I personally thought that the tip cut might have been more of an aesthetic
preference than one of practicality.

------
ficklepickle
The article claims natural tanning methods result in an inferior product. I
believe this to be false. The reason nasty chemicals are used is because it is
cheaper, especially if the toxic waste can just be dumped in the environment.

If they are "looking" for a natural method, look no further than Chouara
tannery in Fez, Morocco. It's an open air tannery that has operated
continuously since the 11th century, with the techniques handed down through
the generations.

They use cow urine, pigeon feces, quicklime, salt and water in the tanning
process. It smells about as bad as you would imagine. They give visitors a
sprig of mint to hold in front of your nose. It helps, a little bit.
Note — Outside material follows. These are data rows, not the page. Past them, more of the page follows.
(* Let $z\in\mathbb{C}$ with $\mathrm{Im}(z)>0$, $q=e^{2\pi i z}$ (with $q^{\alpha}:=e^{2\pi i\alpha z}$ for real $\alpha$), let $a>0$ and $b\in\mathbb{R}$. Put $$\psi_1(t,q)=\sum_{n=1}^{\infty}(-1)^n n\,q^{an^2+bn}\cos(2nt),\qquad \psi_2(t,q)=-\sum_{n=1}^{\infty}(-1)^n n\,q^{an^2-bn}\cos(2nt).$$ Then $$\int_0^{\pi}\psi_1(t,q)\log\left(\frac{\vartheta_4(t,q)}{\vartheta_4(0,q)}\right)dt=-\pi\sum_{n=1}^{\infty}\frac{(-1)^nq^{an^2+(b+1)n}}{1-q^{2n}},$$ $$\int_0^{\pi}\psi_2(t,q)\log\left(\frac{\vartheta_4(t,q)}{\vartheta_4(0,q)}\right)dt=\pi\sum_{n=1}^{\infty}\frac{(-1)^nq^{an^2+(-b+1)n}}{1-q^{2n}}.$$ Consequently, with $\psi(t,q)=\psi_1(t,q)+\psi_2(t,q)=\sum_{n=-\infty}^{\infty}(-1)^nq^{an^2+bn}n\cos(2nt)$ and $I=\int_0^{\pi}\psi(t,q)\log\left(\frac{\vartheta_4(t,q)}{\vartheta_4(0,q)}\right)dt$, one has $$I=-\pi\sum_{n\in\mathbb{Z}\setminus\{0\}}\frac{(-1)^nq^{an^2+bn}}{q^{-n}-q^{n}} \quad\text{and}\quad \frac{I}{\pi}=\frac{1}{2}\sum_{n\in\mathbb{Z}\setminus\{0\}}\frac{(-1)^n\exp\left(2\pi i(an^2+bn)z\right)}{\sinh(2\pi i n z)}.$$
   Context: $\vartheta_4(t,q)=\sum_{n=-\infty}^{\infty}(-1)^nq^{n^2}e^{2int}$. The logarithm $\log(\vartheta_4(t,q)/\vartheta_4(0,q))$ is the branch continuous in $t\in[0,\pi]$ that vanishes at $t=0$. *)

theory Defs
  imports "HOL-Analysis.Analysis"
begin

text \<open>Nome power convention: for q = exp(2 pi i z) and real alpha,
  q^alpha := exp(2 pi i alpha z).\<close>
definition qpow :: "complex \<Rightarrow> real \<Rightarrow> complex" where
  "qpow z \<alpha> = exp (2 * of_real pi * \<i> * of_real \<alpha> * z)"

definition theta4 :: "complex \<Rightarrow> real \<Rightarrow> complex" where
  "theta4 z t = (\<Sum>\<^sub>\<infinity>n::int. (-1) powi n * qpow z (of_int n ^ 2)
                    * exp (2 * \<i> * of_int n * of_real t))"

definition psi1 :: "complex \<Rightarrow> real \<Rightarrow> real \<Rightarrow> real \<Rightarrow> complex" where
  "psi1 z a b t = (\<Sum>m. let n = Suc m in
      (-1) ^ n * of_nat n * qpow z (a * real n ^ 2 + b * real n)
      * of_real (cos (2 * real n * t)))"

definition psi2 :: "complex \<Rightarrow> real \<Rightarrow> real \<Rightarrow> real \<Rightarrow> complex" where
  "psi2 z a b t = - (\<Sum>m. let n = Suc m in
      (-1) ^ n * of_nat n * qpow z (a * real n ^ 2 - b * real n)
      * of_real (cos (2 * real n * t)))"

definition psi :: "complex \<Rightarrow> real \<Rightarrow> real \<Rightarrow> real \<Rightarrow> complex" where
  "psi z a b t = psi1 z a b t + psi2 z a b t"

end

theory Submission
  imports Defs "HOL-Real_Asymp.Real_Asymp"
begin

(* The power series E(y) of the product of 1 - q^(2j+1) y over j >= 0 is entire and satisfies
   E(y) = (1 - q y) E(q^2 y).  Hence the Laurent coefficients c_m of E(y) E(1/y), computed as
   Fourier coefficients on circles, obey c_m = -q^(2m-1) c_(m-1), i.e. c_m = (-1)^m q^(m^2) c_0:
   theta_4 is c_0^-1 E(e^(2it)) E(e^(-2it)), a form of Jacobi's triple product.  Taking logarithms
   factor by factor and expanding ln(1 - w) gives the continuous branch
     log (theta_4(t) / theta_4(0)) = sum_j sum_k 2 q^((2j+1)k) / k * (1 - cos 2kt),
   unique since two continuous logarithms vanishing at 0 agree on [0, pi].  By orthogonality,
   its n-th cosine coefficient is integral_0^pi cos(2nt) log(...) dt = -pi q^n / (n (1 - q^(2n))),
   and integrating psi_1 and psi_2 termwise yields the two series; the sums over the nonzero
   integers combine them, using psi_2(b) = -psi_1(-b). *)

lemma norm_ln_one_minus_le:
  fixes u :: complex
  assumes u: "norm u < 1"
  shows "norm (ln (1 - u)) \<le> norm u / (1 - norm u)"
proof -
  have "(\<lambda>n. - (u ^ n) / of_nat n) sums ln (1 - u)"
    using Ln_series'[of "-u"] u by simp
  then have ln_sums: "(\<lambda>n. - (u ^ Suc n) / of_nat (Suc n)) sums ln (1 - u)"
    using sums_Suc_iff[of "\<lambda>n. - (u ^ n) / of_nat n"] by simp
  have geom: "(\<lambda>n. norm u * norm u ^ n) sums (norm u / (1 - norm u))"
    using sums_mult[OF geometric_sums[of "norm u"], of "norm u"] u by simp
  have le: "norm (- (u ^ Suc n) / of_nat (Suc n)) \<le> norm u * norm u ^ n" for n
  proof -
    have "norm (- (u ^ Suc n) / of_nat (Suc n)) = norm u ^ Suc n / real (Suc n)"
      by (simp only: norm_divide norm_minus_cancel norm_power norm_of_nat)
    also have "\<dots> \<le> norm u ^ Suc n / 1"
      by (rule divide_left_mono) auto
    finally show ?thesis by simp
  qed
  have "summable (\<lambda>n. norm (- (u ^ Suc n) / of_nat (Suc n)))"
    by (rule summable_comparison_test'[OF sums_summable[OF geom]]) (use le in auto)
  then have "norm (ln (1 - u)) \<le> (\<Sum>n. norm u * norm u ^ n)"
    using sums_unique[OF ln_sums] summable_norm suminf_le[OF le _ sums_summable[OF geom]]
    by (metis order_trans)
  then show ?thesis
    using sums_unique[OF geom] by simp
qed

lemma has_integral_suminf:
  fixes f :: "nat \<Rightarrow> real \<Rightarrow> 'a::banach"
  assumes cont: "\<And>n. continuous_on {a..b} (f n)"
    and bound: "\<And>n t. t \<in> {a..b} \<Longrightarrow> norm (f n t) \<le> M n" and M: "summable M"
    and int: "\<And>n. (f n has_integral I n) {a..b}"
  shows "summable I" and "((\<lambda>t. \<Sum>n. f n t) has_integral (\<Sum>n. I n)) {a..b}"
proof -
  have unif: "uniform_limit {a..b} (\<lambda>N t. \<Sum>n<N. f n t) (\<lambda>t. \<Sum>n. f n t) sequentially"
    by (rule Weierstrass_m_test[OF bound M])
  have cont_sum: "continuous_on {a..b} (\<lambda>t. \<Sum>n<N. f n t)" for N
    by (intro continuous_on_sum cont)
  obtain I' J where I': "\<And>N. ((\<lambda>t. \<Sum>n<N. f n t) has_integral I' N) {a..b}"
    and J: "((\<lambda>t. \<Sum>n. f n t) has_integral J) {a..b}" and lim: "I' \<longlonglongrightarrow> J"
    using uniform_limit_integral[OF unif cont_sum] by auto
  have "((\<lambda>t. \<Sum>n<N. f n t) has_integral (\<Sum>n<N. I n)) {a..b}" for N
    by (intro has_integral_sum) (auto intro: int)
  then have "I' = (\<lambda>N. \<Sum>n<N. I n)"
    using I' has_integral_unique by blast
  with lim have "I sums J"
    by (simp add: sums_def)
  then show "summable I" and "((\<lambda>t. \<Sum>n. f n t) has_integral (\<Sum>n. I n)) {a..b}"
    using J by (auto simp: sums_iff)
qed

lemma has_integral_cis_power_int:
  "((\<lambda>t. cis (2 * t) powi p) has_integral (if p = 0 then of_real pi else 0)) {0..pi}"
proof (cases "p = 0")
  case True
  then show ?thesis
    using has_integral_const_real[of "1::complex" 0 pi] by (simp add: scaleR_conv_of_real)
next
  case False
  define A where "A = 2 * \<i> * (of_int p :: complex)"
  have A: "A \<noteq> 0"
    using False by (simp add: A_def)
  have cis_eq: "cis (2 * t) powi p = exp (t *\<^sub>R A)" for t
    unfolding cis_power_int unfolding cis_conv_exp A_def by (simp add: scaleR_conv_of_real mult_ac)
  have "((\<lambda>t. exp (t *\<^sub>R A) / A) has_vector_derivative exp (t *\<^sub>R A)) (at t within {0..pi})" for t
    using has_vector_derivative_divide[OF exp_scaleR_has_vector_derivative_right[of A t "{0..pi}"], of A] A
    by simp
  then have "((\<lambda>t. exp (t *\<^sub>R A)) has_integral (exp (pi *\<^sub>R A) / A - exp (0 *\<^sub>R A) / A)) {0..pi}"
    by (intro fundamental_theorem_of_calculus) auto
  moreover have "exp (pi *\<^sub>R A) = 1"
    using cis_eq[of pi] by (simp add: cis_power_int)
  ultimately show ?thesis
    using False by (simp add: cis_eq)
qed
The end result is gorgeous leather that stands up very well. I have a pouf
that is dyed with saffron, it is still soft a decade later. If you get a
chance to buy some of this leather, I would highly recommend it. I'm sure it
is available online, too.

------
matheweis
“According to Hidenet, a leather markets research firm, a hide from a branded
cow went for as little as $4 the week of July 15, down from as much as $81
just five years ago.”

Wait, what? Consumer trends have shifted so radically in 5 years that even
with a white hot economy leather prices have dropped by 20x?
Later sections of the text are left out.